You need put no trust in the words of the angry, for their noise is loud and threatening, but within, their heart is very cowardly. Nor need you count as true the saying found in that most eloquent writer, Titus Livius: "A man whose character was great rather than good." In character there can be no such separation; it will either be good or else not great, because greatness of soul, as I conceive it, is a thing unshakable, sound to the core, uniform and strong from top to bottom - something that cannot exist in evil natures. Evil men may be terrible, turbulent, and destructive, but greatness they will never have, for its support and stay is goodness. Yet by speech, by endeavour, and by all outward display they will give the impression of greatness; they will make utterances which vou may think bespeak the great soul, as in the case of Gaius Caesar. He grew angry at heaven because its thunder interrupted some pantomimists, whom he was more anxious to imitate than to watch, and when its thunderbolts - surely they missed their mark - affrighted his own revels, he challenged Jove to fight, even to the death, shouting in the words of Homer:

Or uplift me, or I will thee.

What madness! He thought that not even Jove could harm him, or that he could harm even Jove. I suppose that these words of his had no little weight in arousing the minds of conspirators; for to put up with a man who could not put up with Jove seemed the limit of endurance!



There is in anger, consequently, nothing great, nothing noble, even when it seems impassioned, contemptuous alike of gods and men. Else let him who thinks that anger reveals the great soul, think that luxury does the same; it desires to rest on ivory, to be arrayed in purple, to be roofed with gold, to remove lands, to confine the waters of the sea, to hurl rivers headlong, to hang gardens in the air.
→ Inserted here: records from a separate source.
text \<open>The image of x + gamma(k) in C_+ is annihilated by the m-fold iterated
(induced) comultiplication C_+ -> C_+^{(x) m+1}: the image of the iterated
comultiplication of x in C_+^{(x) m+1} is zero, i.e. every (m+1)-linear form on C
vanishing as soon as one argument lies in gamma(k) = k g vanishes on it.\<close>
definition plus_annihilated ::
  "('k::field \<Rightarrow> 'c::ab_group_add \<Rightarrow> 'c) \<Rightarrow> ('c \<Rightarrow> ('c \<times> 'c) list) \<Rightarrow> 'c \<Rightarrow> nat \<Rightarrow> 'c \<Rightarrow> bool" where
  "plus_annihilated sC mu g m x \<longleftrightarrow>
     (\<forall>phi. multilinear_form sC (Suc m) phi \<and>
        (\<forall>xs i t. length xs = Suc m \<and> i < Suc m \<and> xs ! i = sC t g \<longrightarrow> phi xs = 0)
      \<longrightarrow> sum_list (map phi (iter_comult mu m x)) = 0)"

definition conilpotent_wrt ::
  "('k::field \<Rightarrow> 'c::ab_group_add \<Rightarrow> 'c) \<Rightarrow> ('c \<Rightarrow> ('c \<times> 'c) list) \<Rightarrow> ('c \<Rightarrow> 'k) \<Rightarrow> 'c \<Rightarrow> bool" where
  "conilpotent_wrt sC mu eps g \<longleftrightarrow>
     coaugmentation sC mu eps g \<and> (\<forall>x. \<exists>m. plus_annihilated sC mu g m x)"

text \<open>H^1(C) = ker(C_+ -> C_+ (x) C_+) is finite-dimensional: it is spanned by the
images in C_+ = C / k g of finitely many elements.\<close>
definition H1_finite_dim ::
  "('k::field \<Rightarrow> 'c::ab_group_add \<Rightarrow> 'c) \<Rightarrow> ('c \<Rightarrow> ('c \<times> 'c) list) \<Rightarrow> 'c \<Rightarrow> bool" where
  "H1_finite_dim sC mu g \<longleftrightarrow>
     (\<exists>S. finite S \<and> (\<forall>x. plus_annihilated sC mu g 1 x \<longrightarrow> x \<in> module.span sC (insert g S)))"

text \<open>Left C-contramodule (P, pi).  pi : Hom_k(C,P) -> P is k-linear; an element
g of Hom_k(C, Hom_k(C,P)) is a function g with g v linear for each v and
v |-> g v linear; under Hom(V,Hom(U,W)) = Hom(U (x) V, W) it corresponds to
u (x) v |-> g v u, so the map induced by mu sends g to c |-> sum g c_(2) c_(1).\<close>
definition contramodule ::
  "('k::field \<Rightarrow> 'c::ab_group_add \<Rightarrow> 'c) \<Rightarrow> ('c \<Rightarrow> ('c \<times> 'c) list) \<Rightarrow> ('c \<Rightarrow> 'k)
   \<Rightarrow> ('k \<Rightarrow> 'p::ab_group_add \<Rightarrow> 'p) \<Rightarrow> (('c \<Rightarrow> 'p) \<Rightarrow> 'p) \<Rightarrow> bool" where
  "contramodule sC mu eps sP pi \<longleftrightarrow>
     vector_space sP \<and>
     (\<forall>h1 h2. Vector_Spaces.linear sC sP h1 \<and> Vector_Spaces.linear sC sP h2 \<longrightarrow> pi (\<lambda>c. h1 c + h2 c) = pi h1 + pi h2) \<and>
     (\<forall>h a. Vector_Spaces.linear sC sP h \<longrightarrow> pi (\<lambda>c. sP a (h c)) = sP a (pi h)) \<and>
     (\<forall>gg. (\<forall>v. Vector_Spaces.linear sC sP (gg v)) \<and> (\<forall>u. Vector_Spaces.linear sC sP (\<lambda>v. gg v u)) \<longrightarrow>
        pi (\<lambda>c. sw (\<lambda>a b. gg b a) (mu c)) = pi (\<lambda>c. pi (gg c))) \<and>
     (\<forall>p. pi (\<lambda>c. sP (eps c) p) = p)"

definition contra_hom ::
  "('k::field \<Rightarrow> 'c::ab_group_add \<Rightarrow> 'c) \<Rightarrow> ('k \<Rightarrow> 'p::ab_group_add \<Rightarrow> 'p) \<Rightarrow> (('c \<Rightarrow> 'p) \<Rightarrow> 'p)
   \<Rightarrow> ('k \<Rightarrow> 'q::ab_group_add \<Rightarrow> 'q) \<Rightarrow> (('c \<Rightarrow> 'q) \<Rightarrow> 'q) \<Rightarrow> ('p \<Rightarrow> 'q) \<Rightarrow> bool" where
  "contra_hom sC sP piP sQ piQ f \<longleftrightarrow>
     Vector_Spaces.linear sP sQ f \<and> (\<forall>h. Vector_Spaces.linear sC sP h \<longrightarrow> f (piP h) = piQ (f \<circ> h))"

text \<open>The dual algebra C^vee: linear functionals, (phi psi)(c) = sum psi(c_(1)) phi(c_(2)).\<close>
definition dual :: "('k::field \<Rightarrow> 'c::ab_group_add \<Rightarrow> 'c) \<Rightarrow> ('c \<Rightarrow> 'k) set" where
  "dual sC = {phi. Vector_Spaces.linear sC (*) phi}"

definition dual_mult :: "('c \<Rightarrow> ('c \<times> 'c) list) \<Rightarrow> ('c \<Rightarrow> 'k::field) \<Rightarrow> ('c \<Rightarrow> 'k) \<Rightarrow> 'c \<Rightarrow> 'k" where
  "dual_mult mu phi psi = (\<lambda>c. sw (\<lambda>a b. psi a * phi b) (mu c))"

definition contra_act :: "('k \<Rightarrow> 'p \<Rightarrow> 'p) \<Rightarrow> (('c \<Rightarrow> 'p) \<Rightarrow> 'p) \<Rightarrow> ('c \<Rightarrow> 'k) \<Rightarrow> 'p \<Rightarrow> 'p" where
  "contra_act sP pi phi p = pi (\<lambda>c. sP (phi c) p)"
Let him think that avarice also betokens the great soul; it broods over heaps of gold and silver, it tills fields that are provinces in all but name, and holds under a single steward broader acres than were allotted once to consuls. Let him also think that lust betokens the great soul; it swims across straits, it unsexes lads by the score, and despising death braves the husband's sword. And let him think that ambition also betokens the great soul; it is not content with annual office; it would fill the calendar with only one name if that might be, and set up its memorials throughout all the world. Such qualities, it matters not to what height or length they reach, are all narrow, pitiable, grovelling. Virtue alone is lofty and sublime, and nothing is great that is not at the same time tranquil.